(* There exists an absolute constant $c_3>0$ such that the following holds. Let $p>2$ be a prime and $g$ a primitive root modulo $p$. Let $a\ge0$, $r>0$, $N>0$ be integers with $\{a+r,a+2r,\dots,a+Nr\}\subset[1,p-1]$, and let $\mathcal{L}(g)=\{\log_g(a+jr)\colon 1\le j\le N\}$. Then for any $\delta>0$ and any subinterval of $[0,p-1]$ of length $M>0$ such that $MN>\frac{c_3}{\delta}p^{3/2}\log^2 p$, the number of elements of $\mathcal{L}(g)$ lying in that subinterval is at least $(1-\delta)\frac{MN}{p}$ and at most $(1+\delta)\frac{MN}{p}$.
   Context: For $x$ coprime to $p$, the discrete logarithm $\log_g x$ is the smallest integer $n\ge 0$ with $g^n\equiv x\pmod p$. $\log$ without subscript denotes the natural logarithm. *)

theory Defs
  imports "HOL-Number_Theory.Number_Theory"
begin

definition dlog :: "nat \<Rightarrow> nat \<Rightarrow> nat \<Rightarrow> nat" where
  "dlog p g x = (LEAST n. [g ^ n = x] (mod p))"

end

theory Submission
  imports Defs "HOL-Analysis.Harmonic_Numbers" "HOL-Analysis.Complex_Transcendental"
begin

(* Expand the indicator of dlog x \<in> I in additive characters modulo p: with
   A_b = \<Sum>_{s \<in> I} e(b g^s / p) and B_b = \<Sum>_j e(-b (a + j r) / p),
     p \<cdot> #{j. dlog (a + j r) \<in> I} = |I| N + \<Sum>_{b = 1}^{p - 1} A_b B_b.
   Completing A_b with the characters of \<int>/(p - 1) writes it as an average of Gauss sums,
   each of modulus at most \<surd>p, which gives |A_b| = O(\<surd>p log p).  Each B_b is a geometric
   sum bounded by p / \<parallel>b r\<parallel>, so \<Sum>_b |B_b| = O(p log p).  Hence the count differs from
   |I| N / p by O(\<surd>p log\<^sup>2 p), which the hypothesis M N > c\<^sub>3 p^{3/2} log\<^sup>2 p / \<delta> makes smaller
   than \<delta> M N / p. *)

section \<open>Roots of unity\<close>

definition unity_root :: "nat \<Rightarrow> int \<Rightarrow> complex" where
  "unity_root d x = cis (2 * pi * of_int x / of_nat d)"

lemma unity_root_add: "unity_root d (x + y) = unity_root d x * unity_root d y"
  by (simp add: unity_root_def cis_mult add_divide_distrib distrib_left)

lemma unity_root_0 [simp]: "unity_root d 0 = 1"
  by (simp add: unity_root_def)

lemma norm_unity_root [simp]: "norm (unity_root d x) = 1"
  by (simp add: unity_root_def)

lemma unity_root_uminus: "unity_root d (- x) = cnj (unity_root d x)"
  by (simp add: unity_root_def cis_cnj)

lemma unity_root_power: "unity_root d x ^ n = unity_root d (int n * x)"
  unfolding unity_root_def Complex.DeMoivre by (simp add: algebra_simps)

lemma unity_root_multiple:
  assumes "d > 0" shows "unity_root d (int d * k) = 1"
proof -
  have "2 * pi * of_int (int d * k) / of_nat d = 2 * pi * of_int k" using assms by simp
  thus ?thesis unfolding unity_root_def by simp
qed

lemma unity_root_cong:
  assumes "d > 0" "[x = y] (mod int d)"
  shows "unity_root d x = unity_root d y"
proof -
  obtain k where "x = y + int d * k"
    using assms(2) by (metis cong_iff_lin cong_sym mult.commute)
  thus ?thesis using unity_root_multiple[OF assms(1)] by (simp add: unity_root_add)
qed
theorem lemma4p6:
  assumes "\<alpha> \<in> dualN" and "qN_is_one \<alpha>"
  shows "\<exists>r\<in>latN. bil r r = -2 \<and>
           (\<lambda>i. (r i + rho r i) / 2 - \<alpha> i) \<in> latN"
proof -
  obtain k where \<alpha>: "\<alpha> = (\<lambda>i. of_int (k i) / 2)"
    and k: "\<forall>i\<ge>12. k i = 0" "even (k 0)" "even (k 1)"
    and X: "even (k 5 - k 4)" "even (k 6 - k 4)" "even (k 7 - k 4)"
    and Y: "even (k 9 - k 8)" "even (k 10 - k 8)" "even (k 11 - k 8)"
    using dualN_doubled_coordinates[OF assms(1)] .
  obtain x1 x2 x3 x4 where x: "even (x1 + x2 + x3 + x4)"
    "in_twice_D4 (x1 + x2 - k 4) (x2 - x1 - k 5) (x3 + x4 - k 6) (x4 - x3 - k 7)"
    "x1\<^sup>2 + x2\<^sup>2 + x3\<^sup>2 + x4\<^sup>2 \<in> {0, 2}"
    "8 dvd (k 4)\<^sup>2 + (k 5)\<^sup>2 + (k 6)\<^sup>2 + (k 7)\<^sup>2 - 2 * (x1\<^sup>2 + x2\<^sup>2 + x3\<^sup>2 + x4\<^sup>2)"
    using D4_rotation_representative[OF X] .
  obtain y1 y2 y3 y4 where y: "even (y1 + y2 + y3 + y4)"
    "in_twice_D4 (y1 + y2 - k 8) (y2 - y1 - k 9) (y3 + y4 - k 10) (y4 - y3 - k 11)"
    "y1\<^sup>2 + y2\<^sup>2 + y3\<^sup>2 + y4\<^sup>2 \<in> {0, 2}"
    "8 dvd (k 8)\<^sup>2 + (k 9)\<^sup>2 + (k 10)\<^sup>2 + (k 11)\<^sup>2 - 2 * (y1\<^sup>2 + y2\<^sup>2 + y3\<^sup>2 + y4\<^sup>2)"
    using D4_rotation_representative[OF Y] .
  obtain a b where ab: "even (a - k 2)" "even (b - k 3)"
    "2 * (a * b) - (x1\<^sup>2 + x2\<^sup>2 + x3\<^sup>2 + x4\<^sup>2) - (y1\<^sup>2 + y2\<^sup>2 + y3\<^sup>2 + y4\<^sup>2) = -2"
    using hyperbolic_representative[OF assms(2)[unfolded \<alpha>] k(2,3) x(4) y(4) x(3) y(3)] .
  define r :: "nat \<Rightarrow> int"
    where "r i = (if i < 12 then [a, b, 0, 0, x1, x2, x3, x4, y1, y2, y3, y4] ! i else 0)" for i
  have "(\<lambda>i. of_int (r i)) \<in> latN"
    by (rule of_int_vec_in_latN) (use x(1) y(1) in \<open>simp_all add: r_def\<close>)
  moreover have "bil (\<lambda>i. of_int (r i)) (\<lambda>i. of_int (r i)) = -2"
  proof -
    have "bil (\<lambda>i. of_int (r i)) (\<lambda>i. of_int (r i))
        = of_int (2 * (a * b) - (x1\<^sup>2 + x2\<^sup>2 + x3\<^sup>2 + x4\<^sup>2) - (y1\<^sup>2 + y2\<^sup>2 + y3\<^sup>2 + y4\<^sup>2))"
      by (simp add: bil_eq r_def power2_eq_square)
    then show ?thesis
      unfolding ab(3) by simp
  qed
  moreover have "(\<lambda>i. (of_int (r i) + rho (\<lambda>j. of_int (r j)) i) / 2 - \<alpha> i) \<in> latN"
    unfolding \<alpha>
    by (rule half_sum_rho_in_latN)
      (use k ab(1,2) x(2) y(2) in \<open>simp_all add: r_def algebra_simps\<close>)
  ultimately show ?thesis by force
qed

end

········

• The problem
The expected output is the complete listing, word for word.

• Solved exercise
(* There exists an absolute constant $c_3>0$ such that the following holds. Let $p>2$ be a prime and $g$ a primitive root modulo $p$. Let $a\ge0$, $r>0$, $N>0$ be integers with $\{a+r,a+2r,\dots,a+Nr\}\subset[1,p-1]$, and let $\mathcal{L}(g)=\{\log_g(a+jr)\colon 1\le j\le N\}$. Then for any $\delta>0$ and any subinterval of $[0,p-1]$ of length $M>0$ such that $MN>\frac{c_3}{\delta}p^{3/2}\log^2 p$, the number of elements of $\mathcal{L}(g)$ lying in that subinterval is at least $(1-\delta)\frac{MN}{p}$ and at most $(1+\delta)\frac{MN}{p}$.
   Context: For $x$ coprime to $p$, the discrete logarithm $\log_g x$ is the smallest integer $n\ge 0$ with $g^n\equiv x\pmod p$. $\log$ without subscript denotes the natural logarithm. *)

theory Defs
  imports "HOL-Number_Theory.Number_Theory"
begin

definition dlog :: "nat \<Rightarrow> nat \<Rightarrow> nat \<Rightarrow> nat" where
  "dlog p g x = (LEAST n. [g ^ n = x] (mod p))"

end

theory Submission
  imports Defs "HOL-Analysis.Harmonic_Numbers" "HOL-Analysis.Complex_Transcendental"
begin

(* Expand the indicator of dlog x \<in> I in additive characters modulo p: with
   A_b = \<Sum>_{s \<in> I} e(b g^s / p) and B_b = \<Sum>_j e(-b (a + j r) / p),
     p \<cdot> #{j. dlog (a + j r) \<in> I} = |I| N + \<Sum>_{b = 1}^{p - 1} A_b B_b.
   Completing A_b with the characters of \<int>/(p - 1) writes it as an average of Gauss sums,
   each of modulus at most \<surd>p, which gives |A_b| = O(\<surd>p log p).  Each B_b is a geometric
   sum bounded by p / \<parallel>b r\<parallel>, so \<Sum>_b |B_b| = O(p log p).  Hence the count differs from
   |I| N / p by O(\<surd>p log\<^sup>2 p), which the hypothesis M N > c\<^sub>3 p^{3/2} log\<^sup>2 p / \<delta> makes smaller
   than \<delta> M N / p. *)

section \<open>Roots of unity\<close>

definition unity_root :: "nat \<Rightarrow> int \<Rightarrow> complex" where
  "unity_root d x = cis (2 * pi * of_int x / of_nat d)"

lemma unity_root_add: "unity_root d (x + y) = unity_root d x * unity_root d y"
  by (simp add: unity_root_def cis_mult add_divide_distrib distrib_left)

lemma unity_root_0 [simp]: "unity_root d 0 = 1"
  by (simp add: unity_root_def)

lemma norm_unity_root [simp]: "norm (unity_root d x) = 1"
  by (simp add: unity_root_def)

lemma unity_root_uminus: "unity_root d (- x) = cnj (unity_root d x)"
  by (simp add: unity_root_def cis_cnj)

lemma unity_root_power: "unity_root d x ^ n = unity_root d (int n * x)"
  unfolding unity_root_def Complex.DeMoivre by (simp add: algebra_simps)

lemma unity_root_multiple:
  assumes "d > 0" shows "unity_root d (int d * k) = 1"
proof -
  have "2 * pi * of_int (int d * k) / of_nat d = 2 * pi * of_int k" using assms by simp
  thus ?thesis unfolding unity_root_def by simp
qed

lemma unity_root_cong:
  assumes "d > 0" "[x = y] (mod int d)"
  shows "unity_root d x = unity_root d y"
proof -
  obtain k where "x = y + int d * k"
    using assms(2) by (metis cong_iff_lin cong_sym mult.commute)
  thus ?thesis using unity_root_multiple[OF assms(1)] by (simp add: unity_root_add)
qed
theorem lemma4p6:
  assumes "\<alpha> \<in> dualN" and "qN_is_one \<alpha>"
  shows "\<exists>r\<in>latN. bil r r = -2 \<and>
           (\<lambda>i. (r i + rho r i) / 2 - \<alpha> i) \<in> latN"
proof -
  obtain k where \<alpha>: "\<alpha> = (\<lambda>i. of_int (k i) / 2)"
    and k: "\<forall>i\<ge>12. k i = 0" "even (k 0)" "even (k 1)"
    and X: "even (k 5 - k 4)" "even (k 6 - k 4)" "even (k 7 - k 4)"
    and Y: "even (k 9 - k 8)" "even (k 10 - k 8)" "even (k 11 - k 8)"
    using dualN_doubled_coordinates[OF assms(1)] .
  obtain x1 x2 x3 x4 where x: "even (x1 + x2 + x3 + x4)"
    "in_twice_D4 (x1 + x2 - k 4) (x2 - x1 - k 5) (x3 + x4 - k 6) (x4 - x3 - k 7)"
    "x1\<^sup>2 + x2\<^sup>2 + x3\<^sup>2 + x4\<^sup>2 \<in> {0, 2}"
    "8 dvd (k 4)\<^sup>2 + (k 5)\<^sup>2 + (k 6)\<^sup>2 + (k 7)\<^sup>2 - 2 * (x1\<^sup>2 + x2\<^sup>2 + x3\<^sup>2 + x4\<^sup>2)"
    using D4_rotation_representative[OF X] .
  obtain y1 y2 y3 y4 where y: "even (y1 + y2 + y3 + y4)"
    "in_twice_D4 (y1 + y2 - k 8) (y2 - y1 - k 9) (y3 + y4 - k 10) (y4 - y3 - k 11)"
    "y1\<^sup>2 + y2\<^sup>2 + y3\<^sup>2 + y4\<^sup>2 \<in> {0, 2}"
    "8 dvd (k 8)\<^sup>2 + (k 9)\<^sup>2 + (k 10)\<^sup>2 + (k 11)\<^sup>2 - 2 * (y1\<^sup>2 + y2\<^sup>2 + y3\<^sup>2 + y4\<^sup>2)"
    using D4_rotation_representative[OF Y] .
  obtain a b where ab: "even (a - k 2)" "even (b - k 3)"
    "2 * (a * b) - (x1\<^sup>2 + x2\<^sup>2 + x3\<^sup>2 + x4\<^sup>2) - (y1\<^sup>2 + y2\<^sup>2 + y3\<^sup>2 + y4\<^sup>2) = -2"
    using hyperbolic_representative[OF assms(2)[unfolded \<alpha>] k(2,3) x(4) y(4) x(3) y(3)] .
  define r :: "nat \<Rightarrow> int"
    where "r i = (if i < 12 then [a, b, 0, 0, x1, x2, x3, x4, y1, y2, y3, y4] ! i else 0)" for i
  have "(\<lambda>i. of_int (r i)) \<in> latN"
    by (rule of_int_vec_in_latN) (use x(1) y(1) in \<open>simp_all add: r_def\<close>)
  moreover have "bil (\<lambda>i. of_int (r i)) (\<lambda>i. of_int (r i)) = -2"
  proof -
    have "bil (\<lambda>i. of_int (r i)) (\<lambda>i. of_int (r i))
        = of_int (2 * (a * b) - (x1\<^sup>2 + x2\<^sup>2 + x3\<^sup>2 + x4\<^sup>2) - (y1\<^sup>2 + y2\<^sup>2 + y3\<^sup>2 + y4\<^sup>2))"
      by (simp add: bil_eq r_def power2_eq_square)
    then show ?thesis
      unfolding ab(3) by simp
  qed
  moreover have "(\<lambda>i. (of_int (r i) + rho (\<lambda>j. of_int (r j)) i) / 2 - \<alpha> i) \<in> latN"
    unfolding \<alpha>
    by (rule half_sum_rho_in_latN)
      (use k ab(1,2) x(2) y(2) in \<open>simp_all add: r_def algebra_simps\<close>)
  ultimately show ?thesis by force
qed

end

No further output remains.